第1章 爆豪勝己はXXX(初)で優しさを覚えた


「力抜け」
「無理。痛っ、……っ、勝己…、痛い…」
「抜けなくても抜け」

息が混じる余裕のない声に、情緒なんてもうぐちゃぐちゃで涙が溢れた。涙で勝己の顔も歪む。

「わりぃ…」

勝己の声が切なく響く。付き合ってからこんなにも優しくされたことはなかった。だからちゃんと応えたい。もっと近くで感じたくて勝己の肩に手を回してキスをせがむ。迷いのない動作で何かを確かめるみたいに、優しく唇に触れてくれた。

「…っん、……っ…」
「…凪……」

唇が離れる瞬間、囁かれた自分の名前が優しく肌に触れた。いつの間にか手はしっかりと勝己の手に繋がれていて、緊張する体は内側からゆっくりと解れていく。痛みと圧迫感は変わらない。それでもちゃんと繋がってるって感覚は例えようもないくらいに幸福で甘いキスと吐息の中に溺れた。

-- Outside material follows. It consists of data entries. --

lemma pred_mem_Bset: "lam < 1 \<Longrightarrow> Measurable.pred N (\<lambda>x. m \<in> Bset b s alpha lam (f x))"
proof -
  assume lam: "lam < 1"
  let ?thr = "\<lambda>x. real m * alpha / real b / pi0hat b s lam (f x)"
  have "m \<in> Bset b s alpha lam (f x) \<longleftrightarrow> 1 \<le> m \<and> m \<le> b \<and>
      real m \<le> (\<Sum>i<b. if Ptil b s (f x) i \<le> ?thr x then 1 else 0)" for x
  proof -
    have "real (card {i. i < b \<and> Ptil b s (f x) i \<le> ?thr x})
        = real (card {i\<in>{..<b}. Ptil b s (f x) i \<le> ?thr x})"
      by (simp add: lessThan_def)
    also have "\<dots> = (\<Sum>i<b. if Ptil b s (f x) i \<le> ?thr x then 1 else 0)"
      by (rule card_filter_eq_sum) simp
    finally show ?thesis unfolding mem_Bset_iff_card[OF lam] by linarith
  qed
  moreover note measurable_pi0hat[OF lam, measurable] measurable_Ptil[measurable]
  ultimately show ?thesis by simp
qed

lemma measurable_bstar: "lam < 1 \<Longrightarrow> (\<lambda>x. bstar b s alpha lam (f x)) \<in> measurable N (count_space UNIV)"
proof -
  assume lam: "lam < 1"
  note pred_mem_Bset[OF lam, measurable]
  have "Measurable.pred N (\<lambda>x. bstar b s alpha lam (f x) = a)" for a
    unfolding bstar_eq_iff by measurable
  then have "{x\<in>space N. bstar b s alpha lam (f x) = a} \<in> sets N" for a by (rule predE)
  then show ?thesis
    unfolding measurable_count_space_eq2_countable by (auto simp: vimage_def Int_def conj_commute)
qed

lemma measurable_fdp_term:
  "lam < 1 \<Longrightarrow> (i,j) \<in> idx b s \<Longrightarrow> (\<lambda>x. fdp_term b s alpha lam (f x) i j) \<in> borel_measurable N"
  using measurable_bstar measurable_n_above_off_row f_meas_idx
  unfolding fdp_term_def row_level_def by measurable

lemma measurable_above_weight:
  "(i,j) \<in> idx b s \<Longrightarrow> (\<lambda>x. above_weight b s lam (f x) i j) \<in> borel_measurable N"
  using measurable_n_above_off_row f_meas_idx unfolding above_weight_def by measurable

end

end

section \<open>The step-up sum under positive dependence\<close>

context
  fixes M :: "'a measure" and t :: "'a \<Rightarrow> real" and K :: "'a \<Rightarrow> nat" and c :: real
  assumes prob: "prob_space M"
    and t_meas: "t \<in> borel_measurable M"
    and K_meas: "K \<in> measurable M (count_space UNIV)"
    and t_unif: "\<And>u. 0 \<le> u \<Longrightarrow> u \<le> 1 \<Longrightarrow> measure M {\<omega>\<in>space M. t \<omega> \<le> u} = u"
    and ratio_mono: "\<And>m u v. 0 < u \<Longrightarrow> u \<le> v \<Longrightarrow> v < 1 \<Longrightarrow>
        measure M {\<omega>\<in>space M. K \<omega> \<le> m \<and> t \<omega> \<le> u} / u
        \<le> measure M {\<omega>\<in>space M. K \<omega> \<le> m \<and> t \<omega> \<le> v} / v"
    and c_pos: "0 < c"
begin

interpretation prob_space M by (rule prob)

text \<open>Dividing by P(t \<le> u) = min u 1 instead of u keeps the ratio monotone for u \<ge> 1 as well.\<close>

definition cond_ratio :: "nat \<Rightarrow> real \<Rightarrow> real" where
  "cond_ratio m u = measure M {\<omega>\<in>space M. K \<omega> \<le> m \<and> t \<omega> \<le> u} / min u 1"

lemma sets_t_le [simp]: "{\<omega>\<in>space M. t \<omega> \<le> u} \<in> sets M"
  using t_meas by measurable

lemma sets_K_le [simp]: "{\<omega>\<in>space M. K \<omega> \<le> m} \<in> sets M"
  using K_meas by measurable

lemma sets_K_t_le [simp]: "{\<omega>\<in>space M. K \<omega> \<le> m \<and> t \<omega> \<le> u} \<in> sets M"
  using K_meas t_meas by measurable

口付けにしばらくの時間を委ねた後、僅かに体に動きがつく。繋がっている感覚が痛みも運んできて思わず顔が歪む。

「辛いなら言え。……止める」

勝己が自分を自制しての優しさだって分かっているから迷わず首を振る。

「……やだ」
「痛ぇだろ」
「止めないで」

せめてこの優しさに応えたかった。ゆっくりと息をしてなるべく体に力が入らないように気持ちを整える。

「いいんだな?」
「…うん」

勝己を見て真っ直ぐに答えた。ベッドが微かに軋んでゆっくりと動きがつく。

「息しろ」
「んっ、…はぁ……っあ、」
「そう…」

痛みに優しく触れるような優しい声と柔らかな抱擁の中で勝己のペースに呑まれていく。勝己の汗が頬を濡らして2人の温度は最高潮を迎える…揺さぶられて声を乱してキスの合間に指を絡めて、キツく抱きしめられる瞬間まで繋がっていた。

最後まで痛みが和らぐことはなかったけど、それでも勝己の優しさだけは心に色濃く残る。三年経った今でもちゃんと思い出せる、これが初めての夏の出来事。